The GAW15 participants included 350 individuals from 20 countries on four continents – Asia, Australia, Europe, North and South America. The 252 contributions submitted to GAW15 were organized into 17 presentation groups of 11 to 18 papers each, grouped based on common methodological themes. The 17 presentation groups were organized around the following themes: association analysis (Problem 1); association analysis (Problem 2); association analysis (Problem 3); combining linkage and association; data mining, neural networks, and gene networks (Problem 1); data mining, neural networks, and trees (Problems 2 and 3); gene × gene interaction; gene × environment interaction; linkage analysis (Problem 1); linkage analysis (Problems 2 and 3); model selection and Bayesian methods; multivariate analysis; candidate gene association; multistage designs; multiple testing and false discovery rate; processing and normalization of expression traits and their effect on analysis; and SNP selection, ancestry informative markers, and linkage disequilibrium between markers. For each presentation group, a group leader was chosen who had previous GAW experience. This person facilitated group discussion, organized the group's oral presentation to the general GAW meeting, and took the lead in writing the group summary paper to be published in Genetic Epidemiology.

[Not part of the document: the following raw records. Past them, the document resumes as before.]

(* Let $\beta>0$, $T>0$, $\lambda>0$, put $M=\beta T$, and let $B_M$ satisfy $0<B_M<\beta T$. Let $T_{\text{th}}=\dfrac{M}{\ln(1+M/\lambda)}$ and, for $x\ge 0$, $$P_{e|1}(x)=\sum_{y\in\mathbb{Z}_{\ge 0},\, y<T_{\text{th}}} e^{-(x+\lambda)}\frac{(x+\lambda)^y}{y!}.$$ Consider the optimization problem over real sequences $\{\Delta_i\}_{i=1}^\infty$: $$\min_{\{\Delta_i\}} \sum_{j=1}^{\infty}\frac{1}{2^{j}}P_{e|1}(M+\Delta_j)\quad\text{s.t.}\quad B_M-\sum_{j=1}^{i}\Delta_j\ge 0\ \text{ and }\ \sum_{j=1}^{i}\Delta_j\ge 0\ \text{ for all } i\ge 1.$$ Then for the optimal solution $\{\Delta^*_i\}_{i=1}^\infty$ there exists an index $J$ such that $\Delta^*_j=0$ for all $j>J$; that is, only finitely many of the optimal increments are positive.
   Context: This is the "no-ISI" adaptive release-duration problem for a molecular transmitter with molecule production rate $\beta$, slot length $T$, storage capacity $B_M=\beta(T-T_M)$; $\Delta_i$ is the increment of the number of released molecules (for bit "1") in state $s_{i-1}$. $P_{e|1}(x)$ is the probability that a Poisson$(x+\lambda)$ count falls below the fixed threshold $T_{\text{th}}$. The paper assumes $M\gg\lambda$, so that $T_{\text{th}}<M$. *)

theory Defs
  imports Complex_Main
begin

definition Tth :: "real \<Rightarrow> real \<Rightarrow> real" where
  "Tth M lam = M / ln (1 + M / lam)"

definition Pe1 :: "real \<Rightarrow> real \<Rightarrow> real \<Rightarrow> real" where
  "Pe1 M lam x = (\<Sum>y\<in>{y::nat. real y < Tth M lam}.
      exp (- (x + lam)) * (x + lam) ^ y / fact y)"

text \<open>Feasibility: increments indexed from 1 (Delta 0 is unused); partial sums in [0, B_M].\<close>
definition feasible :: "real \<Rightarrow> (nat \<Rightarrow> real) \<Rightarrow> bool" where
  "feasible BM \<Delta> \<longleftrightarrow> (\<forall>i\<ge>1. BM - (\<Sum>j=1..i. \<Delta> j) \<ge> 0 \<and> (\<Sum>j=1..i. \<Delta> j) \<ge> 0)"

definition objective :: "real \<Rightarrow> real \<Rightarrow> (nat \<Rightarrow> real) \<Rightarrow> real" where
  "objective M lam \<Delta> = (\<Sum>j. (1/2) ^ (Suc j) * Pe1 M lam (M + \<Delta> (Suc j)))"

end

theory Submission
  imports Defs
begin

(* Write g x = P_{e|1}(M + x). Since P_{e|1} is a Poisson lower tail, its derivative is minus the
   Poisson mass p_n at the largest count n below T_th, and n < T_th <= M + lam. Hence g decreases
   with slope at least c = p_n(M + lam) on [-B_M, 0], at most c on [0, oo), and at least
   c' = p_n(M + lam + B_M) > 0 on [0, B_M]. An exchange argument then applies to an optimal
   sequence: a negative increment can be raised by lowering a later positive one (or on its own if
   there is none), which pays off because earlier terms carry larger weights; and once all
   increments are nonnegative, any positive Delta_k with 2^(1-k) c < c' can profitably be moved
   into Delta_1. So Delta_k = 0 for all large k. *)

definition poisson_term :: "nat \<Rightarrow> real \<Rightarrow> real" where
  "poisson_term n x = exp (- x) * x ^ n / fact n"

definition poisson_cdf :: "nat \<Rightarrow> real \<Rightarrow> real" where
  "poisson_cdf n x = (\<Sum>y\<le>n. poisson_term y x)"

lemma poisson_term_Suc_deriv:
  "(poisson_term (Suc n) has_real_derivative poisson_term n x - poisson_term (Suc n) x) (at x)"
proof -
  have "((\<lambda>x. exp (- x) * x ^ Suc n) has_real_derivative
      exp (- x) * (real (Suc n) * x ^ n) - exp (- x) * x ^ Suc n) (at x)"
    by (auto intro!: derivative_eq_intros DERIV_pow simp del: power_Suc)
  then have "((\<lambda>x. exp (- x) * x ^ Suc n / fact (Suc n)) has_real_derivative
      (exp (- x) * (real (Suc n) * x ^ n) - exp (- x) * x ^ Suc n) / fact (Suc n)) (at x)"
    by (rule DERIV_cdivide)
  moreover have "real (Suc n) / fact (Suc n) = (1 / fact n :: real)"
    by simp
  ultimately show ?thesis
    by (simp add: poisson_term_def[abs_def] diff_divide_distrib)
qed

lemma poisson_cdf_deriv: "(poisson_cdf n has_real_derivative - poisson_term n x) (at x)"
proof (induction n)
  case 0
  show ?case
    by (simp add: poisson_cdf_def poisson_term_def[abs_def]) (auto intro!: derivative_eq_intros)
next
  case (Suc n)
  have "poisson_cdf (Suc n) = (\<lambda>x. poisson_cdf n x + poisson_term (Suc n) x)"
    by (simp add: poisson_cdf_def fun_eq_iff)
  then show ?case
    using DERIV_add[OF Suc.IH poisson_term_Suc_deriv[of n x]] by simp
qed

lemma poisson_term_eq_exp: "0 < x \<Longrightarrow> poisson_term n x = exp (real n * ln x - x) / fact n"
  by (simp add: poisson_term_def exp_diff exp_of_nat_mult exp_minus field_simps)

lemma poisson_term_le_iff:
  "0 < x \<Longrightarrow> 0 < y \<Longrightarrow>
    poisson_term n x \<le> poisson_term n y \<longleftrightarrow> real n * ln x - x \<le> real n * ln y - y"
  by (simp add: poisson_term_eq_exp divide_le_cancel)

lemma poisson_term_antimono:
  assumes "0 < x" "real n \<le> x" "x \<le> y"
  shows "poisson_term n y \<le> poisson_term n x"
proof -
  have "ln y - ln x \<le> (y - x) / x"
    using ln_le_minus_one[of "y / x"] assms by (simp add: ln_div diff_divide_distrib)
  then have "real n * (ln y - ln x) \<le> (real n / x) * (y - x)"
    using mult_left_mono[of _ _ "real n"] by fastforce
  also have "\<dots> \<le> y - x"
    using mult_right_mono[of "real n / x" 1 "y - x"] assms by simp
  finally show ?thesis using assms by (simp add: poisson_term_le_iff algebra_simps)
qed

lemma poisson_term_mono:
  assumes "0 < x" "x \<le> y" "y \<le> real n"
  shows "poisson_term n x \<le> poisson_term n y"
proof -
  have "(y - x) / y \<le> ln y - ln x"
    using ln_le_minus_one[of "x / y"] assms by (simp add: ln_div diff_divide_distrib)
  then have "(real n / y) * (y - x) \<le> real n * (ln y - ln x)"
    using mult_left_mono[of _ _ "real n"] by fastforce
  moreover have "y - x \<le> (real n / y) * (y - x)"
    using mult_right_mono[of 1 "real n / y" "y - x"] assms by simp
  ultimately show ?thesis using assms by (simp add: poisson_term_le_iff algebra_simps)
qed

lemma poisson_term_ge_min:
  assumes "0 < a" "a \<le> z" "z \<le> b"
  shows "min (poisson_term n a) (poisson_term n b) \<le> poisson_term n z"
proof (cases "real n \<le> z")
  case True
  then show ?thesis using assms poisson_term_antimono[of z n b] by simp
next
  case False
  then show ?thesis using assms poisson_term_mono[of a z n] by simp
qed

lemma poisson_cdf_mvt:
  assumes "a < b"
  obtains z where "a < z" "z < b" "poisson_cdf n a - poisson_cdf n b = (b - a) * poisson_term n z"
proof -
  obtain z where "a < z" "z < b" "poisson_cdf n b - poisson_cdf n a = (b - a) * - poisson_term n z"
    using MVT2[OF assms, of "poisson_cdf n" "\<lambda>x. - poisson_term n x"] poisson_cdf_deriv by blast
  then show ?thesis by (intro that[of z]) (auto simp: algebra_simps)
qed

lemma poisson_cdf_diff_ge:
  assumes "a \<le> b" "\<And>z. a < z \<Longrightarrow> z < b \<Longrightarrow> c \<le> poisson_term n z"
  shows "c * (b - a) \<le> poisson_cdf n a - poisson_cdf n b"
proof (cases "a = b")
  case False
  then obtain z where "a < z" "z < b" "poisson_cdf n a - poisson_cdf n b = (b - a) * poisson_term n z"
    using poisson_cdf_mvt assms(1) by (metis order_le_imp_less_or_eq)
  then show ?thesis using assms(2)[of z] by (simp add: mult.commute mult_right_mono)
qed simp

lemma poisson_cdf_diff_le:
  assumes "a \<le> b" "\<And>z. a < z \<Longrightarrow> z < b \<Longrightarrow> poisson_term n z \<le> c"
  shows "poisson_cdf n a - poisson_cdf n b \<le> c * (b - a)"
proof (cases "a = b")
  case False
  then obtain z where "a < z" "z < b" "poisson_cdf n a - poisson_cdf n b = (b - a) * poisson_term n z"
    using poisson_cdf_mvt assms(1) by (metis order_le_imp_less_or_eq)
  then show ?thesis using assms(2)[of z] by (simp add: mult.commute mult_right_mono)
qed simp

lemma Tth_pos: "0 < M \<Longrightarrow> 0 < lam \<Longrightarrow> 0 < Tth M lam"
  by (simp add: Tth_def ln_gt_zero)

lemma ln_one_plus_div:
  fixes M lam :: real
  assumes "0 < lam" "0 < M + lam"
  shows "ln (1 + M / lam) = ln (M + lam) - ln lam"
  using assms ln_div[of "M + lam" lam] by (simp add: field_simps)

lemma Tth_le:
  assumes "0 < M" "0 < lam"
  shows "Tth M lam \<le> M + lam"
proof -
  have "ln lam - ln (M + lam) \<le> lam / (M + lam) - 1"
    using ln_le_minus_one[of "lam / (M + lam)"] assms by (simp add: ln_div)
  also have "\<dots> = - (M / (M + lam))"
    using assms by (simp add: field_simps)
  finally have "M / (M + lam) \<le> ln (1 + M / lam)"
    using assms by (simp add: ln_one_plus_div)
  then show ?thesis
    using assms by (simp add: Tth_def divide_le_eq ln_gt_zero field_simps)
qed

lemma nat_less_iff_le_ceiling_pred:
  fixes t :: real
  assumes "0 < t"
  shows "real y < t \<longleftrightarrow> y \<le> nat \<lceil>t\<rceil> - 1"
  using assms by linarith

lemma Pe1_eq_poisson_cdf:
  assumes "0 < Tth M lam"
  shows "Pe1 M lam x = poisson_cdf (nat \<lceil>Tth M lam\<rceil> - 1) (x + lam)"
  unfolding Pe1_def poisson_cdf_def poisson_term_def
  using nat_less_iff_le_ceiling_pred[OF assms] by (simp add: atMost_def)

(* T_th is the count at which the Poisson(lam) and Poisson(M + lam) masses coincide, so below it
   p_n(M + lam) <= p_n(lam); unimodality of p_n extends this to the whole of [lam, M + lam]. *)
lemma poisson_term_at_mean_le:
  assumes "0 < M" "0 < lam" "real n < Tth M lam" "lam \<le> z" "z \<le> M + lam"
  shows "poisson_term n (M + lam) \<le> poisson_term n z"
proof -
  have "real n * (ln (M + lam) - ln lam) < M"
    using assms(1-3) by (simp add: Tth_def less_divide_eq ln_gt_zero ln_one_plus_div)
  then have "poisson_term n (M + lam) \<le> poisson_term n lam"
    using assms(1,2) by (simp add: poisson_term_le_iff algebra_simps)
  then show ?thesis
    using poisson_term_ge_min[of lam z "M + lam" n] assms by simp
qed

definition discounted_cost :: "(real \<Rightarrow> real) \<Rightarrow> (nat \<Rightarrow> real) \<Rightarrow> real" where
  "discounted_cost g \<Delta> = (\<Sum>j. (1/2) ^ Suc j * g (\<Delta> (Suc j)))"

lemma discounted_cost_local_change:
  fixes g :: "real \<Rightarrow> real" and D D' :: "nat \<Rightarrow> real"
  assumes "summable (\<lambda>j. (1/2) ^ Suc j * g (D (Suc j)))"
    and "finite F" "0 \<notin> F" "\<And>j. j \<notin> F \<Longrightarrow> D' j = D j"
  shows "discounted_cost g D' = discounted_cost g D + (\<Sum>j\<in>F. (1/2) ^ j * (g (D' j) - g (D j)))"
proof -
  define A where "A = Suc -` F"
  have "finite A" unfolding A_def using assms(2) by (rule finite_vimageI) simp
  have F_eq: "F = Suc ` A"
    unfolding A_def using assms(3) by (auto simp: image_iff) (metis not0_implies_Suc)
  have terms: "(\<lambda>j. (1/2) ^ Suc j * g (D' (Suc j))) =
      (\<lambda>j. if j \<in> A then (1/2) ^ Suc j * g (D' (Suc j)) else (1/2) ^ Suc j * g (D (Suc j)))"
    using assms(4) by (auto simp: A_def)
  have "(\<lambda>j. (1/2) ^ Suc j * g (D' (Suc j))) sums
      (discounted_cost g D + (\<Sum>j\<in>A. (1/2) ^ Suc j * g (D' (Suc j)) - (1/2) ^ Suc j * g (D (Suc j))))"
    unfolding terms discounted_cost_def
    using summable_sums[OF assms(1)] \<open>finite A\<close> by (rule sums_If_finite_set') simp
  moreover have "(\<Sum>j\<in>A. (1/2) ^ Suc j * g (D' (Suc j)) - (1/2) ^ Suc j * g (D (Suc j))) =
      (\<Sum>j\<in>F. (1/2) ^ j * (g (D' j) - g (D j)))"
    unfolding F_eq by (simp add: sum.reindex right_diff_distrib)
  ultimately show ?thesis
    unfolding discounted_cost_def by (simp add: sums_iff)
qed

Members of most presentation groups began interacting by email and/or conference call before GAW15, comparing and contrasting their approaches and results. Each presentation group also met at least once during the Workshop, where they continued their discussions and finalized a group presentation that was delivered to the full GAW15 audience during the general sessions. The group meetings were attended mostly by group participants but were open to all GAW15 attendees. During poster sessions, 118 individual contributions were presented. There also was a special general session on "Novel Methods" at which four of the contributions (selected prior to GAW15 on the basis of the submitted papers) that had used or developed novel analytical approaches were highlighted and presented.
The 162 GAW contributions included in this issue of BMC Proceedings are a subset of the 252 contributions presented at GAW15. All of these papers have been peer-reviewed and were selected on the basis of scientific merit. First come three papers that describe the data sets. These are followed by the 162 individual GAW15 contributions organized by presentation group, and alphabetically by first author within each group. Additionally, in a forthcoming supplement to the journal Genetic Epidemiology, a paper by each presentation group summarizes the contributions to that group and the lessons learned, comparing and contrasting contributions and describing their main themes and results. Overall, GAW15 generated many interesting discussions and some conclusions concerning appropriate approaches to the analysis of massively multivariate data, and methods for separating multiple functional loci within a region of linkage or association. These discussions also highlighted areas in which further methodological development is needed.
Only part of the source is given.